Studies on Cation-induced Thylakoid Membrane Stacking, Fluorescence Yield, and Photochemical Efficiency

Abstract

Trypsin digestion of photosynthetic membranes isolated from spinach (Spinacia oleraces L.) leaves eliminates the cation stimulation of chloro-phyil fluorescence. High concentrations of cations protect the fluorescence yield against trypsin digestion, and the cation specificity for this protection closely resembles that required for the stimulation of fluorescence by cations. Trypsin digestion reverses cation-induced thylakoid stackng, and the time course of this effect seems to parallel that of the reversal of cation fluorescence. High concentrations of cations protect thylakoid stacking and cation-stimulated fluorescence alike. The cation stimulation of photo-sytem II photochemistry remains intact after trypsinization has reversed both cation-induced thylakoid stacking and fluorescence yield It is concluded that cation-stimulated fluorescence yield, and not the cation stimulation of photosystem II photochemistry, is associated with thylakoid membrane stacking. In 1966 Izawa and Good (11) first observed the dramatic effect of cations on the chloroplast membrane structure. Incubation of chloroplasts in low salt medium resulted in the unstacking of grana that could be reversed upon readdition of high concentrations of monovalent cations or low concentrations of divalents.
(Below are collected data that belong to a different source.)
text \<open>Logical interpretation; T and Fa play the roles of the truth values 1 and 0.\<close>
definition logical :: "'v frame \<Rightarrow> (name \<Rightarrow> 'v) \<Rightarrow> 'v \<Rightarrow> 'v \<Rightarrow> bool" where
  "logical F I T Fa \<longleftrightarrow> interp F I \<and> T \<noteq> Fa \<and> D F Ob = {T, Fa} \<and>
     ap F (I Neg) T = Fa \<and> ap F (I Neg) Fa = T \<and>
     (\<forall>s. \<forall>a \<in> D F s. \<forall>b \<in> D F s. ap F (ap F (I (EqN s)) a) b = (if a = b then T else Fa))"

definition model :: "'v frame \<Rightarrow> (name \<Rightarrow> 'v) \<Rightarrow> 'v \<Rightarrow> 'v \<Rightarrow> tm set \<Rightarrow> bool" where
  "model F I T Fa A \<longleftrightarrow> logical F I T Fa \<and> (\<forall>s \<in> A. eval s F I = Some T)"

definition satisfiable :: "'v itself \<Rightarrow> tm set \<Rightarrow> bool" where
  "satisfiable _ A \<longleftrightarrow> (\<exists>(F :: 'v frame) I T Fa. model F I T Fa A)"

definition is_normalizer :: "'v itself \<Rightarrow> (tm \<Rightarrow> tm) \<Rightarrow> bool" where
  "is_normalizer _ nf \<longleftrightarrow>
     (\<forall>s. tyof s \<noteq> None \<longrightarrow> tyof (nf s) = tyof s) \<and>
     (\<forall>s. tyof s \<noteq> None \<longrightarrow> nf (nf s) = nf s) \<and>
     (\<forall>s t. tyof (App s t) \<noteq> None \<longrightarrow> nf (App (nf s) t) = nf (App s t)) \<and>
     (\<forall>x ss b. tyof (apps (Nm x) ss) = Some (Base b) \<longrightarrow>
        nf (apps (Nm x) ss) = apps (Nm x) (map nf ss)) \<and>
     (\<forall>(F :: 'v frame) I s. interp F I \<longrightarrow> tyof s \<noteq> None \<longrightarrow> eval (nf s) F I = eval s F I)"

definition normal_formula :: "(tm \<Rightarrow> tm) \<Rightarrow> tm \<Rightarrow> bool" where
  "normal_formula nf s \<longleftrightarrow> tyof s = Some Ob \<and> nf s = s"

definition branch :: "(tm \<Rightarrow> tm) \<Rightarrow> tm set \<Rightarrow> bool" where
  "branch nf A \<longleftrightarrow> (\<forall>s \<in> A. normal_formula nf s)"

definition closed :: "tm set \<Rightarrow> bool" where
  "closed A \<longleftrightarrow>
     (\<exists>n. Nm (Vr n Ob) \<in> A \<and> neg (Nm (Vr n Ob)) \<in> A) \<or>
     (\<exists>n a. is_sort a \<and> neq a (Nm (Vr n a)) (Nm (Vr n a)) \<in> A)"

definition frees_set :: "tm set \<Rightarrow> name set" where
  "frees_set A = (\<Union>s \<in> A. frees s)"

text \<open>Admitted rule instances A / A \<union> K1 ... A \<union> Kn, given by the list [K1,...,Kn]
  of the formulas added in each alternative (restrictions (1) and (2) built in).\<close>
inductive inst :: "(tm \<Rightarrow> tm) \<Rightarrow> tm set \<Rightarrow> tm set list \<Rightarrow> bool" for nf where
  DN: "\<not> closed A \<Longrightarrow> neg (neg s) \<in> A \<Longrightarrow> inst nf A [{s}]"
| BQ: "\<not> closed A \<Longrightarrow> eq Ob s t \<in> A \<Longrightarrow> inst nf A [{s, t}, {neg s, neg t}]"
| BE: "\<not> closed A \<Longrightarrow> neq Ob s t \<in> A \<Longrightarrow> inst nf A [{s, neg t}, {neg s, t}]"
| FQ: "\<not> closed A \<Longrightarrow> eq (Fun a b) s t \<in> A \<Longrightarrow> tyof u = Some a \<Longrightarrow> nf u = u \<Longrightarrow>
       inst nf A [{eq b (nf (App s u)) (nf (App t u))}]"
| FE: "\<not> closed A \<Longrightarrow> neq (Fun a b) s t \<in> A \<Longrightarrow> Vr n a \<notin> frees_set A \<Longrightarrow>
       \<not> (\<exists>m. neq b (nf (App s (Nm (Vr m a)))) (nf (App t (Nm (Vr m a)))) \<in> A) \<Longrightarrow>
       inst nf A [{neq b (nf (App s (Nm (Vr n a)))) (nf (App t (Nm (Vr n a))))}]"
| Mat: "(ss \<noteq> [] \<longrightarrow> \<not> closed A) \<Longrightarrow> is_var x \<Longrightarrow> length ss = length ts \<Longrightarrow>
       apps (Nm x) ss \<in> A \<Longrightarrow> neg (apps (Nm x) ts) \<in> A \<Longrightarrow>
       inst nf A (map2 (\<lambda>s t. {neq (the (tyof s)) s t}) ss ts)"
| Dec: "(ss \<noteq> [] \<longrightarrow> \<not> closed A) \<Longrightarrow> is_var x \<Longrightarrow> is_sort a \<Longrightarrow> length ss = length ts \<Longrightarrow>
       neq a (apps (Nm x) ss) (apps (Nm x) ts) \<in> A \<Longrightarrow>
       inst nf A (map2 (\<lambda>s t. {neq (the (tyof s)) s t}) ss ts)"
| Con: "\<not> closed A \<Longrightarrow> is_sort a \<Longrightarrow> eq a s t \<in> A \<Longrightarrow> neq a u v \<in> A \<Longrightarrow>
       inst nf A [{neq a s u, neq a t u}, {neq a s v, neq a t v}]"

inductive refutable :: "(tm \<Rightarrow> tm) \<Rightarrow> tm set \<Rightarrow> bool" for nf where
  "finite A \<Longrightarrow> branch nf A \<Longrightarrow> inst nf A Ks \<Longrightarrow>
   (\<forall>K \<in> set Ks. refutable nf (A \<union> K)) \<Longrightarrow> refutable nf A"

end

(* A refutation is a finite tree of admitted rule instances whose leaves are instances
   without alternatives (Mat or Dec with n = 0), so it suffices that every admitted
   instance A / A_1 ... A_n turns a model of A into a model of some A_i.  For all rules
   except FE the same interpretation works, by case analysis on the truth values of the
   premises, with N4 evaluating normalized conclusions as the unnormalized terms.  For FE,
   extensionality of the frame gives an argument c on which the values of s and t
   differ, and reassigning the fresh variable x to c keeps the formulas of A true. *)

theory Submission
  imports Defs
begin

lemma tyof_App_Some_iff:
  "tyof (App s t) = Some b \<longleftrightarrow> (\<exists>a. tyof s = Some (Fun a b) \<and> tyof t = Some a)"
  by (auto split: option.splits ty.splits if_splits)

lemma tyof_neg_Some_iff: "tyof (neg s) = Some r \<longleftrightarrow> tyof s = Some Ob \<and> r = Ob"
  by (auto simp: neg_def tyof_App_Some_iff)

lemma tyof_eq_Some_iff:
  "tyof (eq \<sigma> a b) = Some r \<longleftrightarrow> tyof a = Some \<sigma> \<and> tyof b = Some \<sigma> \<and> r = Ob"
  by (auto simp: eq_def tyof_App_Some_iff)

lemma tyof_neq_Some_iff:
  "tyof (neq \<sigma> a b) = Some r \<longleftrightarrow> tyof a = Some \<sigma> \<and> tyof b = Some \<sigma> \<and> r = Ob"
  by (auto simp: neq_def tyof_neg_Some_iff tyof_eq_Some_iff)

lemma apps_Cons: "apps h (s # ss) = apps (App h s) ss"
  by (simp add: apps_def)

lemma tyof_apps_head: "tyof (apps h ss) \<noteq> None \<Longrightarrow> tyof h \<noteq> None"
proof (induction ss arbitrary: h)
  case Nil
  then show ?case by (simp add: apps_def)
next
  case (Cons s ss)
  then show ?case by (metis apps_Cons not_Some_eq tyof_App_Some_iff)
qed

lemma tyof_apps_args:
  assumes "tyof (apps h ss) \<noteq> None" and "tyof (apps h' ts) \<noteq> None"
    and "tyof h = tyof h'" and "length ss = length ts"
  shows "list_all2 (\<lambda>s t. tyof s \<noteq> None \<and> tyof s = tyof t) ss ts"
  using assms
proof (induction ss arbitrary: h h' ts)
  case Nil
  then show ?case by simp
next
  case (Cons s ss)
  then obtain t ts' where ts: "ts = t # ts'" by (cases ts) auto
  have args: "tyof (apps (App h s) ss) \<noteq> None" "tyof (apps (App h' t) ts') \<noteq> None"
    using Cons.prems(1,2) ts by (simp_all add: apps_Cons)
  with Cons.prems(3) obtain a where heads: "tyof (App h s) = tyof (App h' t)"
    and "tyof s = Some a" "tyof t = Some a"
    using tyof_apps_head[OF args(1)] tyof_apps_head[OF args(2)]
    by (auto split: option.splits ty.splits if_splits)
  moreover have "list_all2 (\<lambda>s t. tyof s \<noteq> None \<and> tyof s = tyof t) ss ts'"
    using Cons.IH[OF args heads] Cons.prems(4) ts by simp
  ultimately show ?case using ts by simp
qed

lemma eval_apps_cong:
  "eval h F I = eval h' F I \<Longrightarrow> list_all2 (\<lambda>s t. eval s F I = eval t F I) ss ts \<Longrightarrow>
   eval (apps h ss) F I = eval (apps h' ts) F I"
proof (induction ss arbitrary: h h' ts)
  case Nil
  then show ?case by (simp add: apps_def)
next
  case (Cons s ss)
  then show ?case by (auto simp: apps_Cons list_all2_Cons1)
qed

lemma eval_in_D:
  assumes "is_asg F I"
  shows "tyof t = Some \<sigma> \<Longrightarrow> eval t F I = Some v \<Longrightarrow> v \<in> D F \<sigma>"
proof (induction t arbitrary: \<sigma> v)
  case (Nm x)
  then show ?case using assms by (auto simp: is_asg_def)
next
  case (App s t)
  then obtain a f c where "tyof s = Some (Fun a \<sigma>)" "tyof t = Some a"
    "eval s F I = Some f" "eval t F I = Some c" "v = ap F f c"
    by (auto simp del: tyof.simps simp: tyof_App_Some_iff split: option.splits)
  moreover from calculation App.IH have "f \<in> D F (Fun a \<sigma>)" "c \<in> D F a" by blast+
  ultimately show ?case using assms unfolding is_asg_def is_frame_def by blast
next
  case (Lam x s)
  from Lam.prems obtain \<tau> where \<tau>: "tyof s = Some \<tau>" "\<sigma> = Fun (nty x) \<tau>" by auto
  let ?P = "\<lambda>f. f \<in> D F (Fun (nty x) \<tau>) \<and>
    (\<forall>a \<in> D F (nty x). eval s F (I(x := a)) = Some (ap F f a))"
  have ex: "\<exists>f. ?P f" and v: "v = (THE f. ?P f)" using Lam.prems \<tau> by (auto split: if_splits)
  have uniq: "f = g" if "?P f" "?P g" for f g
  proof -
    have "\<forall>a \<in> D F (nty x). ap F f a = ap F g a" using that by force
    with that assms show ?thesis unfolding is_asg_def is_frame_def by blast
  qed
  have "?P v" unfolding v by (rule theI') (use ex uniq in blast)
  with \<tau> show ?case by simp
qed

lemma eval_cong_frees: "(\<forall>y \<in> frees t. I y = J y) \<Longrightarrow> eval t F I = eval t F J"
proof (induction t arbitrary: I J)
  case (Nm x)
  then show ?case by simp
next
  case (App t1 t2)
  then have "eval t1 F I = eval t1 F J" "eval t2 F I = eval t2 F J" by simp_all
  then show ?case by (simp only: eval.simps)
next
  case (Lam x s)
  then have "eval s F (I(x := a)) = eval s F (J(x := a))" for a by simp
  then show ?case by (simp only: eval.simps)
qed

lemma eval_fun_upd_fresh: "x \<notin> frees s \<Longrightarrow> eval s F (I(x := c)) = eval s F I"
  by (rule eval_cong_frees) (metis fun_upd_other)

lemma interp_evalE:
  assumes "interp F I" and "tyof t = Some \<sigma>"
  obtains v where "eval t F I = Some v" and "v \<in> D F \<sigma>"
proof -
  from assms obtain v where v: "eval t F I = Some v" unfolding interp_def by blast
  have "is_asg F I" using assms(1) by (simp add: interp_def)
  then have "v \<in> D F \<sigma>" using assms(2) v by (rule eval_in_D)
  with v show thesis by (rule that)
qed

lemma interp_fun_upd:
  assumes "interp F I" and "c \<in> D F (nty y)"
  shows "interp F (I(y := c))"
  unfolding interp_def
proof (intro conjI allI impI)
  show "is_asg F (I(y := c))" using assms by (auto simp: interp_def is_asg_def)
  fix t \<sigma> assume t: "tyof t = Some \<sigma>"
  \<comment> \<open>Totality at \<open>(\<lambda>y. t) y\<close> makes \<open>t\<close> evaluate under every update of \<open>y\<close>.\<close>
  have "tyof (App (Lam y t) (Nm y)) = Some \<sigma>" using t by simp
  then have "eval (App (Lam y t) (Nm y)) F I \<noteq> None"
    using assms(1) unfolding interp_def by blast
  then obtain f where "eval (Lam y t) F I = Some f" by (auto split: option.splits)
  then have "\<exists>f \<in> D F (Fun (nty y) \<sigma>). \<forall>a \<in> D F (nty y). eval t F (I(y := a)) = Some (ap F f a)"
    using t by (simp split: if_splits)
  then show "eval t F (I(y := c)) \<noteq> None" using assms(2) by force
qed

lemma logical_eval_Ob:
  assumes "logical F I T Fa" and "tyof s = Some Ob"
  shows "eval s F I = Some T \<or> eval s F I = Some Fa"
proof -
  from assms obtain v where "eval s F I = Some v" "v \<in> D F Ob"
    unfolding logical_def by (blast elim: interp_evalE)
  with assms(1) show ?thesis unfolding logical_def by auto
qed

lemma logical_neg_true:
  assumes "logical F I T Fa" and "tyof s = Some Ob"
  shows "eval (neg s) F I = Some T \<longleftrightarrow> eval s F I = Some Fa"
  using logical_eval_Ob[OF assms] assms(1) unfolding logical_def neg_def by auto

lemma logical_neg_false:
  assumes "logical F I T Fa" and "tyof s = Some Ob"
  shows "eval (neg s) F I = Some Fa \<longleftrightarrow> eval s F I = Some T"
  using logical_eval_Ob[OF assms] assms(1) unfolding logical_def neg_def by auto

lemma logical_eq_true:
  assumes "logical F I T Fa" and "tyof a = Some \<sigma>" and "tyof b = Some \<sigma>"
  shows "eval (eq \<sigma> a b) F I = Some T \<longleftrightarrow> eval a F I = eval b F I"
proof -
  have "interp F I" using assms(1) by (simp add: logical_def)
  then obtain x y where "eval a F I = Some x" "eval b F I = Some y" "x \<in> D F \<sigma>" "y \<in> D F \<sigma>"
    using assms(2,3) by (meson interp_evalE)
  with assms(1) show ?thesis unfolding logical_def eq_def by auto
qed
These effects have since been confirmed by others (7. 9, 15, 19). A rather similar cation dependency for both the room temperature increase in variable fluorescence and the PSII photochemistry was first noted by Homann (10) and Murata (16, 17) and subsequently by others (12). Thus, divalent cations in the range of 1 to 5 mm and monovalent cations in the range of 50 to 150 mm stimulate membrane stacking, fluorescence yield and PSII photochemistry in a reversible fashion. We have demonstrated (13, 14) that the cation influence on PSII fluorescence and photochemistry can be completely separated from one another after treatment of chloro-plast membranes with the proteolytic enzyme trypsin. Thus we believe that two different cation interaction sites are involved, in spite of the similar cation requirements manifested by the two responses.